------ RECORDS FOR THE EXERCISE ------

(* Let $\tau,t\in\mathbb{R}$ and let $\beta_n=\beta_n(\tau,t)$ be the recurrence coefficients of the monic orthogonal polynomials for the weight $\omega(x;\tau,t)=\exp(-x^6+\tau x^4+tx^2)$ on $\mathbb{R}$. Then, for $n\ge1$, $\beta_n$ and $\beta_{n+1}$ satisfy \begin{align*} &\frac{\partial^2\beta_n}{\partial t^2}-3\left(\beta_n+\beta_{n+1}-\tfrac29\tau\right)\frac{\partial\beta_n}{\partial t}+\beta_n^3+6\beta_n^2\beta_{n+1}+3\beta_n\beta_{n+1}^2-\tfrac23\tau\beta_n(\beta_n+2\beta_{n+1})-\tfrac13t\beta_n=\tfrac16n,\\ &\frac{\partial^2\beta_{n+1}}{\partial t^2}+3\left(\beta_n+\beta_{n+1}-\tfrac29\tau\right)\frac{\partial\beta_{n+1}}{\partial t}+\beta_{n+1}^3+6\beta_{n+1}^2\beta_n+3\beta_{n+1}\beta_n^2-\tfrac23\tau\beta_{n+1}(2\beta_n+\beta_{n+1})-\tfrac13t\beta_{n+1}=\tfrac16(n+1). \end{align*}
   Context: The monic orthogonal polynomials satisfy $P_{n+1}(x)=xP_n(x)-\beta_nP_{n-1}(x)$ with $P_{-1}=0$, $P_0=1$, where $\beta_n>0$ for $n\ge1$. The convention $\beta_0=\beta_{-1}=0$ is used. *)

theory Defs
  imports "HOL-Analysis.Analysis" "HOL-Computational_Algebra.Polynomial"
begin

definition weight :: "real \<Rightarrow> real \<Rightarrow> real \<Rightarrow> real" where
  "weight tau t x = exp (- (x ^ 6) + tau * x ^ 4 + t * x ^ 2)"

definition wip :: "real \<Rightarrow> real \<Rightarrow> real poly \<Rightarrow> real poly \<Rightarrow> real" where
  "wip tau t p q = (LINT x|lborel. poly p x * poly q x * weight tau t x)"

definition monic_OP :: "real \<Rightarrow> real \<Rightarrow> nat \<Rightarrow> real poly" where
  "monic_OP tau t n = (THE p. degree p = n \<and> lead_coeff p = 1 \<and>
       (\<forall>k<n. wip tau t p (monom 1 k) = 0))"

definition beta :: "nat \<Rightarrow> real \<Rightarrow> real \<Rightarrow> real" where
  "beta n tau t = (if n = 0 then 0 else
     (THE b. monic_OP tau t (Suc n) =
        [:0, 1:] * monic_OP tau t n - smult b (monic_OP tau t (n - 1))))"

end

theory Submission
  imports Defs "HOL-Probability.Probability" "HOL-Real_Asymp.Real_Asymp"
begin

text \<open>
  The weight is even and has finite moments of all orders, so its moment functional L is symmetric
  and positive definite, and the monic orthogonal polynomials satisfy
  P_(n+1) = x P_n - beta_n P_(n-1) with beta_n = h_n / h_(n-1), where h_n = L (P_n^2).
  Differentiating in t multiplies the weight by x^2; this gives h_n' = h_n (beta_(n+1) + beta_n)
  and hence the Volterra lattice beta_n' = beta_n (beta_(n+1) - beta_(n-1)).
  Integrating (P_n P_(n-1))' by parts against the weight gives Freud's string equation, which
  expresses n as a polynomial in beta_(n-2), ..., beta_(n+2).
  Differentiating the lattice once more and eliminating the outer coefficients with the string
  equation at n (resp. n + 1) turns each of the two claimed equations into a polynomial identity.
\<close>

section \<open>Monic orthogonal polynomials of a symmetric functional\<close>

definition has_parity :: "nat \<Rightarrow> 'a::comm_ring_1 poly \<Rightarrow> bool" where
  "has_parity m p \<longleftrightarrow> pcompose p [:0, -1:] = smult ((-1) ^ m) p"

lemma has_parity_1: "has_parity 0 1"
  by (simp add: has_parity_def pcompose_1)

lemma has_parity_X: "has_parity 1 [:0, 1:]"
  by (simp add: has_parity_def pcompose_pCons)

lemma has_parity_mult: "has_parity a p \<Longrightarrow> has_parity b q \<Longrightarrow> has_parity (a + b) (p * q)"
  by (simp add: has_parity_def pcompose_mult power_add mult.commute)

lemma has_parity_monom: "has_parity k (monom c k)"
proof (induction k)
  case (Suc k)
  have "monom c (Suc k) = [:0, 1:] * monom c k"
    by (simp add: monom_Suc)
  then show ?case
    using has_parity_mult[OF has_parity_X Suc] by simp
qed (simp add: has_parity_def monom_0)

lemma has_parity_diff: "has_parity m p \<Longrightarrow> has_parity m q \<Longrightarrow> has_parity m (p - q)"
  by (simp add: has_parity_def pcompose_diff smult_diff_right)

lemma has_parity_smult: "has_parity m p \<Longrightarrow> has_parity m (smult c p)"
  by (simp add: has_parity_def pcompose_smult mult.commute)

lemma has_parity_add_2 [simp]: "has_parity (m + 2) p \<longleftrightarrow> has_parity m p"
  by (simp add: has_parity_def)

text \<open>For a symmetric functional the three-term recurrence has no diagonal term, so it can
  serve as the definition.\<close>

fun orth_poly :: "(real poly \<Rightarrow> real) \<Rightarrow> nat \<Rightarrow> real poly" where
  "orth_poly L 0 = 1"
| "orth_poly L (Suc 0) = [:0, 1:]"
| "orth_poly L (Suc (Suc n)) = [:0, 1:] * orth_poly L (Suc n)
     - smult (L (orth_poly L (Suc n) * orth_poly L (Suc n)) / L (orth_poly L n * orth_poly L n))
         (orth_poly L n)"

definition orth_sqnorm :: "(real poly \<Rightarrow> real) \<Rightarrow> nat \<Rightarrow> real" where
  "orth_sqnorm L n = L (orth_poly L n * orth_poly L n)"

definition rec_coeff :: "(real poly \<Rightarrow> real) \<Rightarrow> nat \<Rightarrow> real" where
  "rec_coeff L n = (if n = 0 then 0 else orth_sqnorm L n / orth_sqnorm L (n - 1))"

lemma rec_coeff_0 [simp]: "rec_coeff L 0 = 0"
  by (simp add: rec_coeff_def)

lemma orth_poly_Suc_Suc:
  "orth_poly L (Suc (Suc n))
     = [:0, 1:] * orth_poly L (Suc n) - smult (rec_coeff L (Suc n)) (orth_poly L n)"
  by (simp add: rec_coeff_def orth_sqnorm_def)

declare orth_poly.simps(3) [simp del]

lemma X_mult_orth_poly:
  "[:0, 1:] * orth_poly L n = orth_poly L (Suc n) + smult (rec_coeff L n) (orth_poly L (n - 1))"
  by (cases n) (simp_all add: orth_poly_Suc_Suc)

lemma orth_poly_monic: "degree (orth_poly L n) = n \<and> coeff (orth_poly L n) n = 1"
proof (induction n rule: induct_nat_012)
  case (ge2 n)
  let ?p = "[:0, 1:] * orth_poly L (Suc n)" and ?q = "smult (rec_coeff L (Suc n)) (orth_poly L n)"
  have "degree ?p = Suc (Suc n)" and "coeff ?p (Suc (Suc n)) = 1"
    using ge2 by (auto simp: degree_pCons_eq)
  moreover have "degree ?q < Suc (Suc n)"
    using ge2 degree_smult_le[of "rec_coeff L (Suc n)" "orth_poly L n"] by linarith
  ultimately have "degree (?p - ?q) = Suc (Suc n)"
    by (metis degree_add_eq_left degree_minus diff_conv_add_uminus)
  moreover have "coeff (?p - ?q) (Suc (Suc n)) = 1"
    using ge2 by (simp add: coeff_eq_0)
  ultimately show ?case
    unfolding orth_poly_Suc_Suc by blast
qed simp_all

lemma degree_orth_poly [simp]: "degree (orth_poly L n) = n"
  using orth_poly_monic by blast

lemma coeff_orth_poly_degree [simp]: "coeff (orth_poly L n) n = 1"
  using orth_poly_monic by blast

lemma orth_poly_nonzero: "orth_poly L n \<noteq> 0"
  using coeff_orth_poly_degree[of L n] by (auto simp del: coeff_orth_poly_degree)

lemma coeff_orth_poly_above: "n < k \<Longrightarrow> coeff (orth_poly L n) k = 0"
  by (simp add: coeff_eq_0)

lemma has_parity_orth_poly: "has_parity n (orth_poly L n)"
proof (induction n rule: induct_nat_012)
  case (ge2 n)
  have "has_parity (Suc (Suc n)) ([:0, 1:] * orth_poly L (Suc n))"
    using has_parity_mult[OF has_parity_X ge2(2)] by simp
  moreover have "has_parity (Suc (Suc n)) (smult (rec_coeff L (Suc n)) (orth_poly L n))"
    using has_parity_smult[OF ge2(1)] has_parity_add_2 by (metis add_2_eq_Suc')
  ultimately show ?case
    unfolding orth_poly_Suc_Suc by (rule has_parity_diff)
qed (simp_all add: has_parity_1 has_parity_X[unfolded One_nat_def])

lemma rec_coeff_unique:
  assumes "orth_poly L (Suc n) = [:0, 1:] * orth_poly L n - smult b (orth_poly L (n - 1))"
  shows "b = rec_coeff L n"
proof -
  have "smult b (orth_poly L (n - 1)) = smult (rec_coeff L n) (orth_poly L (n - 1))"
    using assms X_mult_orth_poly[of L n] by (simp add: algebra_simps)
  then have "coeff (smult b (orth_poly L (n - 1))) (n - 1)
      = coeff (smult (rec_coeff L n) (orth_poly L (n - 1))) (n - 1)"
    by (rule arg_cong)
  then show ?thesis by simp
qed

text \<open>Truncated subtraction realises the convention beta_0 = beta_(-1) = 0.\<close>

definition freud_rhs :: "real \<Rightarrow> real \<Rightarrow> (nat \<Rightarrow> real) \<Rightarrow> nat \<Rightarrow> real" where
  "freud_rhs tau t b n = b n * (6 * (b (n + 2) * b (n + 1) + (b (n + 1) + b n) * (b (n + 1) + b n + b (n - 1))
       + b (n - 1) * (b n + b (n - 1) + b (n - 2)))
     - 4 * tau * (b (n + 1) + b n + b (n - 1)) - 2 * t)"

locale symmetric_moment_functional =
  fixes L :: "real poly \<Rightarrow> real"
  assumes L_add: "L (p + q) = L p + L q"
    and L_smult: "L (smult c p) = c * L p"
    and L_square_pos: "p \<noteq> 0 \<Longrightarrow> 0 < L (p * p)"
    and L_reflect: "L (pcompose p [:0, -1:]) = L p"
begin

lemma L_0: "L 0 = 0"
  using L_smult[of 0 0] by simp

lemma L_minus: "L (- p) = - L p"
  using L_smult[of "-1" p] by simp

lemma L_diff: "L (p - q) = L p - L q"
  using L_add[of p "- q"] by (simp add: L_minus)

lemma L_sum: "L (\<Sum>i\<in>A. f i) = (\<Sum>i\<in>A. L (f i))"
  by (induction A rule: infinite_finite_induct) (simp_all add: L_0 L_add)

lemma L_odd_parity:
  assumes "has_parity m p" and "odd m"
  shows "L p = 0"
proof -
  have "L p = L (smult (-1) p)"
    using L_reflect[of p] assms by (simp add: has_parity_def)
  then show ?thesis
    by (simp add: L_minus)
qed

lemma L_mult_expand:
  assumes "degree p \<le> N"
  shows "L (q * p) = (\<Sum>i\<le>N. coeff p i * L (q * monom 1 i))"
proof -
  have "q * p = q * (\<Sum>i\<le>N. monom (coeff p i) i)"
    by (simp add: poly_as_sum_of_monoms'[OF assms])
  also have "\<dots> = (\<Sum>i\<le>N. smult (coeff p i) (q * monom 1 i))"
    by (simp add: sum_distrib_left monom_altdef)
  finally show ?thesis
    by (simp add: L_sum L_smult)
qed

lemma orth_sqnorm_pos: "0 < orth_sqnorm L n"
  by (simp add: orth_sqnorm_def L_square_pos orth_poly_nonzero)

lemma L_monic_mult_monom:
  assumes ortho: "\<And>k. k < n \<Longrightarrow> L (p * monom 1 k) = 0"
    and "degree p = n" and "coeff p n = 1"
  shows "L (p * monom 1 n) = L (p * p)"
proof -
  have "degree (p - monom 1 n) \<le> n" and "coeff (p - monom 1 n) n = 0"
    using assms(2,3) by (auto intro: degree_diff_le simp: degree_monom_le)
  then have "L (p * (p - monom 1 n)) = 0"
    by (subst L_mult_expand) (auto intro!: sum.neutral simp: ortho le_less)
  then show ?thesis
    by (simp add: right_diff_distrib L_diff)
qed

lemma orth_poly_orthogonal_monom: "k < n \<Longrightarrow> L (orth_poly L n * monom 1 k) = 0"
proof (induction n arbitrary: k rule: induct_nat_012)
  case 1
  then show ?case
    using L_odd_parity[OF has_parity_X] by simp
next
  case (ge2 n)
  have self: "L (orth_poly L m * monom 1 m) = orth_sqnorm L m"
    if "\<And>k. k < m \<Longrightarrow> L (orth_poly L m * monom 1 k) = 0" for m
    using L_monic_mult_monom[OF that] by (simp add: orth_sqnorm_def)
  have split: "L (orth_poly L (Suc (Suc n)) * monom 1 k)
      = L (orth_poly L (Suc n) * monom 1 (Suc k)) - rec_coeff L (Suc n) * L (orth_poly L n * monom 1 k)"
    by (simp add: orth_poly_Suc_Suc monom_Suc algebra_simps L_diff L_smult)
  consider "k < n" | "k = n" | "k = Suc n"
    using ge2(3) by linarith
  then show ?case
  proof cases
    case 3
    have "odd (Suc n + Suc (Suc n))" and "odd (n + Suc n)"
      by simp_all
    then show ?thesis
      using split 3 L_odd_parity[OF has_parity_mult[OF has_parity_orth_poly has_parity_monom]] by simp
  qed (use split self ge2 orth_sqnorm_pos[of n] in \<open>simp_all add: rec_coeff_def\<close>)
qed simp

lemma L_orth_poly_mult:
  assumes "degree q \<le> n"
  shows "L (orth_poly L n * q) = coeff q n * orth_sqnorm L n"
proof -
  have "L (orth_poly L n * q) = (\<Sum>i\<le>n. coeff q i * L (orth_poly L n * monom 1 i))"
    using assms by (rule L_mult_expand)
  also have "\<dots> = coeff q n * L (orth_poly L n * monom 1 n)"
    by (simp add: lessThan_Suc_atMost[symmetric] orth_poly_orthogonal_monom)
  also have "\<dots> = coeff q n * orth_sqnorm L n"
    using L_monic_mult_monom[OF orth_poly_orthogonal_monom] by (simp add: orth_sqnorm_def)
  finally show ?thesis .
qed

------

Of the lines in the listing above, count those containing the word "shows", and state the count alone.

5